Siyasal iktidar söylem düzeyinde kullandığı özgürlük, demokrasi ve sivilleşme kavramlarını toplumun tüm kesimleri için hayata geçirecek bir yönetim düzeni kurabilirdi. Bu çerçevede hangi zihniyette olursa olsun herkesin bürokraside yer almasına yardım edecek objektif seçme sınavları aracılığıyla en liyakatli olanları seçebilirdi. Bu tür objektif seçme sınavları aracılığıyla işe girme imkanı bulan hiç kimse gayri nizami kişi ve grupların ağına, kapısına düşmezdi. Bu tür yapı ve gruplar da güçlenme imkanı bulamazdı. Sırf bizim adamlarımızdan oluşan devlet kadroları oluşturacağız endişesiyle girilen bu yanlış kadrolaşma çabası iktidarın kendi kendini bitirmesine neden olan en önemli hususlardan sadece birisidir.

Geçmişte aynı yolun yolcusu zannettiği cemaat yapılarından görülen ihanet iktidarı kendi bağlılarını yaratma yoluna gitme tercihini kullanmaya itti. Bu amaçla kendine yakın kişiler tarafından oluşturulan sivil toplum yapıları, vakıf, dernek ve diğer kurum ve kuruluşlar aracılığıyla kendine bağlı toplu kesimleri oluşturmaya çalışıldı. Bu yapılar aracılığıyla referanslar aranınca insanlar geçmişte kullandıkları maskelerin benzerlerini bu kez iktidara ait olanlardan seçmek zorunda kalır oldular. Geçmişte insanlara dayatılan iki yüzlülük bu kez iktidarın şablonları kullanılarak yeniden gün yüzüne çıkmış durumda. Oluşturulan mülakat sistemleri ile objektif sınav kriterinin aşılmasının yolu bulunmuş oldu. Oysa bu durum iktidarın güç kaybetmesine neden olan ana unsurların başında geliyor. Buna rağmen bu yoldan vazgeçilemiyor. Büyük bir kısır döngü oluşmuş durumda.

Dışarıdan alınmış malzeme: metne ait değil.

text \<open>A C-morphism from L into the two-element lattice P(1), represented by the predicate
  of the elements it sends to the top.\<close>

definition C_hom_bool :: "bool \<Rightarrow> 'i set set \<Rightarrow> 'j set set \<Rightarrow> ('a, 'c) gorder_scheme \<Rightarrow> ('a \<Rightarrow> bool) \<Rightarrow> bool"
  where "C_hom_bool fr II JJ L P \<longleftrightarrow>
    (if fr then P (\<Sqinter>\<^bsub>L\<^esub>{}) \<and>
        (\<forall>a\<in>carrier L. \<forall>b\<in>carrier L. P (a \<sqinter>\<^bsub>L\<^esub> b) \<longleftrightarrow> P a \<and> P b) \<and>
        (\<forall>S. S \<subseteq> carrier L \<longrightarrow> (P (\<Squnion>\<^bsub>L\<^esub>S) \<longleftrightarrow> (\<exists>s\<in>S. P s)))
     else \<not> P (\<Squnion>\<^bsub>L\<^esub>{}) \<and>
        (\<forall>a\<in>carrier L. \<forall>b\<in>carrier L. P (a \<squnion>\<^bsub>L\<^esub> b) \<longleftrightarrow> P a \<or> P b) \<and>
        (\<forall>S. S \<subseteq> carrier L \<longrightarrow> (P (\<Sqinter>\<^bsub>L\<^esub>S) \<longleftrightarrow> (\<forall>s\<in>S. P s)))) \<and>
    (\<forall>a\<in>carrier L. \<forall>b\<in>carrier L. a \<sqsubseteq>\<^bsub>L\<^esub> b \<longrightarrow> P a \<longrightarrow> P b) \<and>
    (\<forall>I\<in>II. \<forall>f\<in>I \<rightarrow> carrier L. P (infi L I f) \<longleftrightarrow> (\<forall>i\<in>I. P (f i))) \<and>
    (\<forall>J\<in>JJ. \<forall>f\<in>J \<rightarrow> carrier L. P (supr L J f) \<longleftrightarrow> (\<exists>j\<in>J. P (f j)))"

lemma C_hom_bool_cong:
  assumes L: "complete_lattice L" and PQ: "\<And>l. l \<in> carrier L \<Longrightarrow> P l \<longleftrightarrow> Q l"
  shows "C_hom_bool fr II JJ L P \<longleftrightarrow> C_hom_bool fr II JJ L Q"
  unfolding C_hom_bool_def
  by (simp add: PQ subset_eq Pi_iff complete_lattice_Inf_closed[OF L] complete_lattice_Sup_closed[OF L]
    complete_lattice_meet_closed[OF L] complete_lattice_join_closed[OF L]
    complete_lattice_infi_closed[OF L] complete_lattice_supr_closed[OF L] cong: conj_cong)

lemma C_hom_bool_PowL_mem:
  assumes "y \<in> Y"
  shows "C_hom_bool fr II JJ (PowL Y) (\<lambda>B. y \<in> B)"
  using assms
  by (simp add: C_hom_bool_def Inf_PowL Sup_PowL meet_PowL join_PowL infi_PowL supr_PowL
      subset_eq Pi_iff)

lemma C_hom_PowL_if_pointwise:
  assumes L: "complete_lattice L" and \<phi>: "\<phi> \<in> carrier L \<rightarrow>\<^sub>E Pow X"
    and pts: "\<forall>x\<in>X. C_hom_bool fr II JJ L (\<lambda>l. x \<in> \<phi> l)"
  shows "C_hom fr II JJ L (PowL X) \<phi>"
proof -
  have sub: "\<phi> l \<subseteq> X" if "l \<in> carrier L" for l
    using that \<phi> by auto
  have ext: "\<phi> l = B" if "l \<in> carrier L" "B \<subseteq> X" "\<And>x. x \<in> X \<Longrightarrow> x \<in> \<phi> l \<longleftrightarrow> x \<in> B" for l B
    using that sub by blast
  note closed = complete_lattice_Inf_closed[OF L] complete_lattice_Sup_closed[OF L]
    complete_lattice_meet_closed[OF L] complete_lattice_join_closed[OF L]
    complete_lattice_infi_closed[OF L] complete_lattice_supr_closed[OF L]
  have pts_mono: "\<forall>x\<in>X. \<forall>a\<in>carrier L. \<forall>b\<in>carrier L. a \<sqsubseteq>\<^bsub>L\<^esub> b \<longrightarrow> x \<in> \<phi> a \<longrightarrow> x \<in> \<phi> b"
    and pts_infi: "\<forall>x\<in>X. \<forall>I\<in>II. \<forall>f\<in>I \<rightarrow> carrier L.
      x \<in> \<phi> (infi L I f) \<longleftrightarrow> (\<forall>i\<in>I. x \<in> \<phi> (f i))"
    and pts_supr: "\<forall>x\<in>X. \<forall>J\<in>JJ. \<forall>f\<in>J \<rightarrow> carrier L.
      x \<in> \<phi> (supr L J f) \<longleftrightarrow> (\<exists>j\<in>J. x \<in> \<phi> (f j))"
    using pts by (simp_all add: C_hom_bool_def ball_conj_distrib)
  show ?thesis
    unfolding C_hom_PowL_iff[OF L]
  proof (intro conjI \<phi>, goal_cases frame_or_coframe mono infi supr)
    case frame_or_coframe
    show ?case
    proof (cases fr)
      case True
      with pts have "\<forall>x\<in>X. C_hom_bool True II JJ L (\<lambda>l. x \<in> \<phi> l)"
        by simp
      then show ?thesis
        unfolding if_P[OF True] C_hom_bool_def if_True ball_conj_distrib
        by (intro conjI ballI allI impI ext) (auto simp: closed dest: subsetD[OF sub])
    next
      case False
      with pts have "\<forall>x\<in>X. C_hom_bool False II JJ L (\<lambda>l. x \<in> \<phi> l)"
        by simp
      then show ?thesis
        unfolding if_not_P[OF False] C_hom_bool_def if_False ball_conj_distrib
        by (intro conjI ballI allI impI ext) (auto simp: closed dest: subsetD[OF sub])
    qed
  next
    case mono
    show ?case
      using pts_mono sub by blast
  next
    case infi
    show ?case
      using pts_infi closed(5) by (intro ballI ext) auto
  next
    case supr
    show ?case
      using pts_supr sub closed(6) by (intro ballI ext) (auto simp: UN_subset_iff Pi_iff)
  qed
qed

lemma C_hom_PowL_UNIV_iff:
  assumes L: "complete_lattice L"
  shows "C_hom fr II JJ L (PowL (UNIV :: unit set)) \<psi> \<longleftrightarrow>
    \<psi> \<in> extensional (carrier L) \<and> C_hom_bool fr II JJ L (\<lambda>l. () \<in> \<psi> l)"
proof -
  have unit_set_eq: "A = B \<longleftrightarrow> (() \<in> A \<longleftrightarrow> () \<in> B)" for A B :: "unit set"
    by (auto simp: set_eq_iff)
  have unit_subset: "A \<subseteq> B \<longleftrightarrow> (() \<in> A \<longrightarrow> () \<in> B)" for A B :: "unit set"
    by (auto simp: subset_iff)
  show ?thesis
    unfolding C_hom_PowL_iff[OF L] C_hom_bool_def
    by (simp add: unit_set_eq unit_subset PiE_def)
qed

lemma C_hom_PowL_UNIV_restrict_iff:
  assumes L: "complete_lattice L"
  shows "C_hom fr II JJ L (PowL UNIV) (\<lambda>l\<in>carrier L. {_::unit. P l}) \<longleftrightarrow> C_hom_bool fr II JJ L P"
proof -
  have "C_hom_bool fr II JJ L (\<lambda>l. () \<in> (\<lambda>l\<in>carrier L. {_::unit. P l}) l) \<longleftrightarrow> C_hom_bool fr II JJ L P"
    by (rule C_hom_bool_cong[OF L]) simp
  then show ?thesis
    by (simp add: C_hom_PowL_UNIV_iff[OF L])
qed

lemma C_hom_bool_comp:
  assumes L: "complete_lattice L" and L': "complete_lattice L'"
    and \<phi>: "C_hom fr II JJ L L' \<phi>" and P: "C_hom_bool fr II JJ L' P"
  shows "C_hom_bool fr II JJ L (\<lambda>l. P (\<phi> l))"
proof -
  have "C_hom fr II JJ L' (PowL UNIV) (\<lambda>l'\<in>carrier L'. {_::unit. P l'})"
    using P by (rule C_hom_PowL_UNIV_restrict_iff[OF L', THEN iffD2])
  then have "C_hom fr II JJ L (PowL UNIV) (\<lambda>l\<in>carrier L. (\<lambda>l'\<in>carrier L'. {_::unit. P l'}) (\<phi> l))"
    by (rule C_hom_comp[OF L \<phi>])
  moreover have "(\<lambda>l\<in>carrier L. (\<lambda>l'\<in>carrier L'. {_::unit. P l'}) (\<phi> l)) = (\<lambda>l\<in>carrier L. {_. P (\<phi> l)})"
    using C_hom_closed[OF \<phi>] by (auto intro: restrict_ext)
  ultimately show ?thesis
    by (simp only: C_hom_PowL_UNIV_restrict_iff[OF L])
qed

lemma C_hom_PowL_pointwise:
  assumes L: "complete_lattice L" and \<phi>: "\<phi> \<in> carrier L \<rightarrow>\<^sub>E Pow X"
  shows "C_hom fr II JJ L (PowL X) \<phi> \<longleftrightarrow> (\<forall>x\<in>X. C_hom_bool fr II JJ L (\<lambda>l. x \<in> \<phi> l))"
proof
  assume hom: "C_hom fr II JJ L (PowL X) \<phi>"
  show "\<forall>x\<in>X. C_hom_bool fr II JJ L (\<lambda>l. x \<in> \<phi> l)"
    using C_hom_bool_comp[OF L complete_lattice_PowL hom C_hom_bool_PowL_mem] by simp
qed (rule C_hom_PowL_if_pointwise[OF L \<phi>])

text \<open>For frames, Y is the union of its singletons, so P holds at some {y}; for coframes,
  dually, P fails at some Y - {y}.\<close>

lemma C_hom_bool_PowL_imp_mem:
  assumes P: "C_hom_bool fr II JJ (PowL Y) P"
  shows "\<exists>y\<in>Y. \<forall>B\<subseteq>Y. P B \<longleftrightarrow> y \<in> B"
proof (cases fr)
  case True
  with P have top: "P Y" and meet: "\<And>a b. a \<subseteq> Y \<Longrightarrow> b \<subseteq> Y \<Longrightarrow> P (a \<inter> b) \<longleftrightarrow> P a \<and> P b"
    and Sup: "\<And>S. S \<subseteq> Pow Y \<Longrightarrow> P (\<Union>S) \<longleftrightarrow> (\<exists>s\<in>S. P s)"
    by (auto simp: C_hom_bool_def Inf_PowL meet_PowL Sup_PowL)
  have "P (\<Union>y\<in>Y. {y})"
    using top by simp
  then obtain y where y: "y \<in> Y" "P {y}"
    using Sup[of "(\<lambda>y. {y}) ` Y"] by auto
  have "P B \<longleftrightarrow> y \<in> B" if "B \<subseteq> Y" for B
  proof -
    have "{y} \<inter> B = (if y \<in> B then {y} else {})"
      by auto
    then show ?thesis
      using meet[of "{y}" B] Sup[of "{}"] y that by auto
  qed
  with y show ?thesis by blast
next
  case False
  with P have bot: "\<not> P {}" and join: "\<And>a b. a \<subseteq> Y \<Longrightarrow> b \<subseteq> Y \<Longrightarrow> P (a \<union> b) \<longleftrightarrow> P a \<or> P b"
    and Inf: "\<And>S. S \<subseteq> Pow Y \<Longrightarrow> P (Y \<inter> \<Inter>S) \<longleftrightarrow> (\<forall>s\<in>S. P s)"
    by (auto simp: C_hom_bool_def Inf_PowL join_PowL Sup_PowL)
  have "\<not> P (Y \<inter> (\<Inter>y\<in>Y. Y - {y}))"
    using bot by (simp add: Int_absorb2)
  then obtain y where y: "y \<in> Y" "\<not> P (Y - {y})"
    using Inf[of "(\<lambda>y. Y - {y}) ` Y"] by auto
  have "P B \<longleftrightarrow> y \<in> B" if "B \<subseteq> Y" for B
  proof -
    have "B \<union> (Y - {y}) = (if y \<in> B then Y else Y - {y})"
      using y that by auto
    then show ?thesis
      using join[of B "Y - {y}"] Inf[of "{}"] y that by auto
  qed
  with y show ?thesis by blast
qed

section \<open>The functor P\<close>

lemma
  assumes "conv_space X cv"
  shows conv_space_filter: "cv F x \<Longrightarrow> set_filter X F"
    and conv_space_point: "cv F x \<Longrightarrow> x \<in> X"
    and conv_space_principal: "x \<in> X \<Longrightarrow> cv {S. S \<subseteq> X \<and> x \<in> S} x"
    and conv_space_mono: "cv F x \<Longrightarrow> set_filter X G \<Longrightarrow> F \<subseteq> G \<Longrightarrow> cv G x"
  using assms unfolding conv_space_def by blast+

lemma conv_lim_pow_lim:
  assumes "conv_space X cv"
  shows "conv_lim (PowL X) (pow_lim X cv)"
  unfolding conv_lim_def
proof (intro conjI allI impI)
  show "pow_lim X cv F \<in> carrier (PowL X)" for F
    by (auto simp: pow_lim_def)
  show "pow_lim X cv F \<sqsubseteq>\<^bsub>PowL X\<^esub> pow_lim X cv G"
    if "lat_filter (PowL X) F \<and> lat_filter (PowL X) G \<and> F \<subseteq> G" for F G
    using conv_space_mono[OF assms] that by (auto simp: pow_lim_def)
qed

lemma vimage_pow_map_eq_img_filter: "{B \<in> carrier (PowL Y). pow_map X Y f B \<in> F} = img_filter X Y f F"
  by (auto simp: pow_map_def img_filter_def)

lemma pow_map_C_hom:
  assumes f: "f \<in> X \<rightarrow> Y"
  shows "C_hom fr II JJ (PowL Y) (PowL X) (pow_map X Y f)"
proof (subst C_hom_PowL_pointwise[OF complete_lattice_PowL])
  show "pow_map X Y f \<in> carrier (PowL Y) \<rightarrow>\<^sub>E Pow X"
    by (auto simp: pow_map_def)
  show "\<forall>x\<in>X. C_hom_bool fr II JJ (PowL Y) (\<lambda>B. x \<in> pow_map X Y f B)"
  proof
    fix x assume x: "x \<in> X"
    have "C_hom_bool fr II JJ (PowL Y) (\<lambda>B. x \<in> pow_map X Y f B) \<longleftrightarrow>
        C_hom_bool fr II JJ (PowL Y) (\<lambda>B. f x \<in> B)"
      using x by (intro C_hom_bool_cong[OF complete_lattice_PowL]) (simp add: pow_map_def)
    with f x show "C_hom_bool fr II JJ (PowL Y) (\<lambda>B. x \<in> pow_map X Y f B)"
      by (simp add: C_hom_bool_PowL_mem funcset_mem)
  qed
qed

İktidar sahip olduğu devlet gücünü sadece kadrolaşmak için kullanmadı. Siyasal sorumluluk sahibi olduğu iddiasıyla topluma yönelik hemen her alana gelişigüzel müdahil olmaya başlaması bir başka sorun alanıdır. Ekonomi başta olmak üzere eğitim, yargı, imar, şehirleşme ve tarım/ziraat/hayvancılık gibi hemen her alan kendine özgü bilgi sistemi, işleyiş yöntemi ve araç gereciyle özgün ve özerk uygulama alanları olması gerekirken sürekli siyasal iradenin müdahalesine açık hale getirildi. Bu alanlara özgü bilimsel çalışma düzeni yerine liderin söylemlerine bağlı işleyiş alanlarına dönüşüp kendine özgü çalışma düzenini terk etti. Bu gün dünyanın hemen her yerinde ekonomi biliminin gereğine göre hareket eden devletlere karşın bizim ülkede ekonomi biliminin temel ilkeleri görmezden gelinmeye devam ediliyor. Eğitim sisteminin yetişmiş insan gücü devre dışı bırakılarak siyasal iktidarın güdümünde oluşturulmuş politika kurulları ile günübirlik eğitim uygulamaları bugün hayata geçerken yarın kaldırılıyor. Sürekli bir yaz boz uygulaması geçmişten beri gelen eğitim sorunlarının devam etmesine neden olurken çağın getirdiği yeni uygulamalarla yeni sorun alanları ortaya çıkıyor. Tarım politikaları dışa bağımlı bir devlet/toplum yapısı ortaya çıkarmış durumda.

Siyasal iktidar sahip olduğu devlet gücünün yarattığı maddi kaynakları kendine taraftar olanlara dağıtarak yeni bir menfaat grubu oluşmasına neden oldu. İktidara yakın olmanın getirdiği maddi kaynaklara kolay ulaşma imkanı iktidarla güçlü bir bağ oluşmasına da neden olmuş durumda. Bu menfaat ilişkisinin oluşturduğu zümre iktidarın devam etmesi halinde menfaatlerinin devam edebileceğinin farkında olarak iktidarın hayatını uzatmanın yollarını arıyor. Bununla birlikte toplumun büyük çoğunluğuna ulaşmayan imkanlar büyük çoğunluğun yokluk içinde kalmasına neden olmuş durumda.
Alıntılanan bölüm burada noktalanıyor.